lemma gradient_dominance: "f x - f y \<le> (norm (g x))\<^sup>2 / (2 * \<tau>)"
proof -
  define h where "h = y - x"
  have "f x - f y \<le> - (g x \<bullet> h) - \<tau> / 2 * (norm h)\<^sup>2"
    using strongly_convex[of x y] by (simp add: h_def norm_minus_commute)
  also have "\<dots> \<le> (norm (g x))\<^sup>2 / (2 * \<tau>)"
  proof -
    \<comment> \<open>complete the square\<close>
    have "0 \<le> (norm (g x + \<tau> *\<^sub>R h))\<^sup>2" by simp
    also have "\<dots> = (norm (g x))\<^sup>2 + 2 * \<tau> * (g x \<bullet> h) + \<tau>\<^sup>2 * (norm h)\<^sup>2"
      unfolding power2_norm_eq_inner
      by (simp add: inner_add_left inner_add_right inner_commute algebra_simps power2_eq_square)
    finally show ?thesis
      using tau_pos by (simp add: field_simps power2_eq_square)
  qed
  finally show ?thesis .
qed

lemma line_derivative:
  "((\<lambda>t. f (x + t *\<^sub>R e)) has_real_derivative g (x + t *\<^sub>R e) \<bullet> e) (at t)"
proof -
  have "((\<lambda>t. x + t *\<^sub>R e) has_derivative (\<lambda>h. h *\<^sub>R e)) (at t)"
    by (auto intro!: derivative_eq_intros)
  from has_derivative_compose[OF this grad]
  show ?thesis
    by (simp add: has_field_derivative_def mult_commute_abs)
qed

lemma inexact_line_search_decrease:
  assumes unit: "norm e = 1"
    and accurate: "\<And>\<alpha>. (\<forall>\<beta>. f (x + \<alpha> *\<^sub>R e) \<le> f (x + \<beta> *\<^sub>R e)) \<Longrightarrow> \<bar>s - \<alpha>\<bar> \<le> \<eta>"
  shows "f (x + s *\<^sub>R e) \<le> f x - (g x \<bullet> e)\<^sup>2 / (2 * L) + L * \<eta>\<^sup>2 / 2"
proof -
  define \<phi> where "\<phi> t = f (x + t *\<^sub>R e)" for t
  define \<phi>' where "\<phi>' t = g (x + t *\<^sub>R e) \<bullet> e" for t
  have deriv: "(\<phi> has_real_derivative \<phi>' t) (at t)" for t
    unfolding \<phi>_def \<phi>'_def by (rule line_derivative)
  have lipschitz: "\<bar>\<phi>' u - \<phi>' v\<bar> \<le> L * \<bar>u - v\<bar>" for u v
  proof -
    have "\<bar>\<phi>' u - \<phi>' v\<bar> \<le> norm (g (x + u *\<^sub>R e) - g (x + v *\<^sub>R e))"
      using Cauchy_Schwarz_ineq2[of "g (x + u *\<^sub>R e) - g (x + v *\<^sub>R e)" e] unit
      by (simp add: \<phi>'_def inner_diff_left)
    also have "\<dots> \<le> L * norm ((x + u *\<^sub>R e) - (x + v *\<^sub>R e))" by (rule lipschitz_grad)
    also have "norm ((x + u *\<^sub>R e) - (x + v *\<^sub>R e)) = \<bar>u - v\<bar>"
      using unit by (simp flip: scaleR_diff_left)
    finally show ?thesis .
  qed
  have "\<phi> t \<ge> \<phi> 0 + t * \<phi>' 0 + \<tau> / 2 * t\<^sup>2" for t
    using strongly_convex[of x "x + t *\<^sub>R e"] unit by (simp add: \<phi>_def \<phi>'_def power2_abs)
  then obtain a where min_a: "\<And>b. \<phi> a \<le> \<phi> b"
    using quadratically_coercive_attains_min[OF _ tau_pos]
      DERIV_continuous_on[OF deriv] by blast
  have "\<phi>' a = 0"
    by (rule DERIV_local_min[OF deriv, of 1]) (simp_all add: min_a)
  have "(s - a)\<^sup>2 \<le> \<eta>\<^sup>2"
    using accurate[of a] min_a unfolding \<phi>_def
    by (metis abs_ge_zero power2_abs power_mono)
  have "\<phi> s \<le> \<phi> a + (s - a) * \<phi>' a + L / 2 * (s - a)\<^sup>2"
    by (rule lipschitz_deriv_quadratic_upper_bound[OF deriv lipschitz])
  also have "\<dots> \<le> \<phi> a + L / 2 * \<eta>\<^sup>2"
    using \<open>\<phi>' a = 0\<close> \<open>(s - a)\<^sup>2 \<le> \<eta>\<^sup>2\<close> L_pos by simp
  also have "\<phi> a \<le> \<phi> (- \<phi>' 0 / L)" by (rule min_a)
  also have "\<phi> (- \<phi>' 0 / L) \<le> \<phi> 0 + (- \<phi>' 0 / L - 0) * \<phi>' 0 + L / 2 * (- \<phi>' 0 / L - 0)\<^sup>2"
    by (rule lipschitz_deriv_quadratic_upper_bound[OF deriv lipschitz])
  also have "\<dots> = \<phi> 0 - (\<phi>' 0)\<^sup>2 / (2 * L)"
    using L_pos by (simp add: field_simps power2_eq_square)
  finally show ?thesis by (simp add: \<phi>_def \<phi>'_def)
qed

end

lemma expectation_pmf_of_set_PiE_lessThan_Suc:
  fixes h :: "(nat \<Rightarrow> 'a) \<Rightarrow> real"
  assumes fin: "finite B" and ne: "B \<noteq> {}"
  shows "measure_pmf.expectation (pmf_of_set ({..<Suc k} \<rightarrow>\<^sub>E B)) h
       = measure_pmf.expectation (pmf_of_set ({..<k} \<rightarrow>\<^sub>E B))
           (\<lambda>d. measure_pmf.expectation (pmf_of_set B) (\<lambda>i. h (d(k := i))))"
proof -
  have card: "card ({..<j} \<rightarrow>\<^sub>E B) = card B ^ j" for j
    by (simp add: card_PiE)
  have "(\<Sum>d\<in>{..<Suc k} \<rightarrow>\<^sub>E B. h d) = (\<Sum>(i, d)\<in>B \<times> ({..<k} \<rightarrow>\<^sub>E B). h (d(k := i)))"
    unfolding lessThan_Suc PiE_insert_eq
    by (subst sum.reindex[OF inj_combinator]) (simp_all add: case_prod_unfold)
  also have "\<dots> = (\<Sum>d\<in>{..<k} \<rightarrow>\<^sub>E B. \<Sum>i\<in>B. h (d(k := i)))"
    by (subst sum.swap) (simp add: sum.cartesian_product)
  finally show ?thesis
    using fin ne by (simp add: integral_pmf_of_set finite_PiE PiE_eq_empty_iff card
        sum_divide_distrib[symmetric] field_simps)
qed

lemma norm_squared_vec: "(norm (v :: real^'n))\<^sup>2 = (\<Sum>i\<in>UNIV. (v $ i)\<^sup>2)"
  unfolding power2_norm_eq_inner inner_vec_def by (simp add: power2_eq_square)

lemma random_coordinate_step:
  fixes f :: "real^'n \<Rightarrow> real" and s :: "'n \<Rightarrow> real" and \<tau> L \<eta> :: real
  assumes "smooth_strongly_convex f g \<tau> L"
    and accurate: "\<And>i \<alpha>. (\<forall>\<beta>. f (x + \<alpha> *\<^sub>R axis i 1) \<le> f (x + \<beta> *\<^sub>R axis i 1))
                    \<Longrightarrow> \<bar>s i - \<alpha>\<bar> \<le> \<eta>"
  shows "measure_pmf.expectation (pmf_of_set UNIV) (\<lambda>i. f (x + s i *\<^sub>R axis i 1) - f z)
         \<le> (1 - \<tau> / (real CARD('n) * L)) * (f x - f z) + L * \<eta>\<^sup>2 / 2"
proof -
  interpret smooth_strongly_convex f g \<tau> L by fact
  let ?n = "real CARD('n)"
  have "f (x + s i *\<^sub>R axis i 1) - f z \<le> f x - f z - (g x $ i)\<^sup>2 / (2 * L) + L * \<eta>\<^sup>2 / 2" for i
    using inexact_line_search_decrease[where x = x and e = "axis i 1",
        OF norm_axis_1 accurate[where i = i]]
    by (simp add: inner_axis)
  then have "(\<Sum>i\<in>UNIV. f (x + s i *\<^sub>R axis i 1) - f z)
      \<le> (\<Sum>i\<in>UNIV. f x - f z - (g x $ i)\<^sup>2 / (2 * L) + L * \<eta>\<^sup>2 / 2)"
    by (rule sum_mono)
  also have "\<dots> = ?n * (f x - f z) - (norm (g x))\<^sup>2 / (2 * L) + ?n * (L * \<eta>\<^sup>2 / 2)"
    using norm_squared_vec[of "g x"]
    by (simp add: sum.distrib sum_subtractf sum_divide_distrib[symmetric])
  also have "\<dots> \<le> ?n * (f x - f z) - \<tau> / L * (f x - f z) + ?n * (L * \<eta>\<^sup>2 / 2)"
  proof -
    have "\<tau> / L * (f x - f z) \<le> \<tau> / L * ((norm (g x))\<^sup>2 / (2 * \<tau>))"
      using gradient_dominance[of x z] tau_pos L_pos by (intro mult_left_mono) auto
    then show ?thesis using tau_pos by simp
  qed
  finally have "(\<Sum>i\<in>UNIV. f (x + s i *\<^sub>R axis i 1) - f z) / ?n
      \<le> (?n * (f x - f z) - \<tau> / L * (f x - f z) + ?n * (L * \<eta>\<^sup>2 / 2)) / ?n"
    by (rule divide_right_mono) simp
  also have "\<dots> = (1 - \<tau> / (?n * L)) * (f x - f z) + L * \<eta>\<^sup>2 / 2"
    using L_pos by (simp add: field_simps)
  finally show ?thesis by (simp add: integral_pmf_of_set)
qed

------------------------

• _Your objective_
Find the word "finally" in the listing above. Copy each line where it appears.

• _Response_
    finally show ?thesis
  finally show ?thesis .
    finally show ?thesis .
  finally show ?thesis by (simp add: \<phi>_def \<phi>'_def)
  finally show ?thesis
  finally have "(\<Sum>i\<in>UNIV. f (x + s i *\<^sub>R axis i 1) - f z) / ?n
  finally show ?thesis by (simp add: integral_pmf_of_set)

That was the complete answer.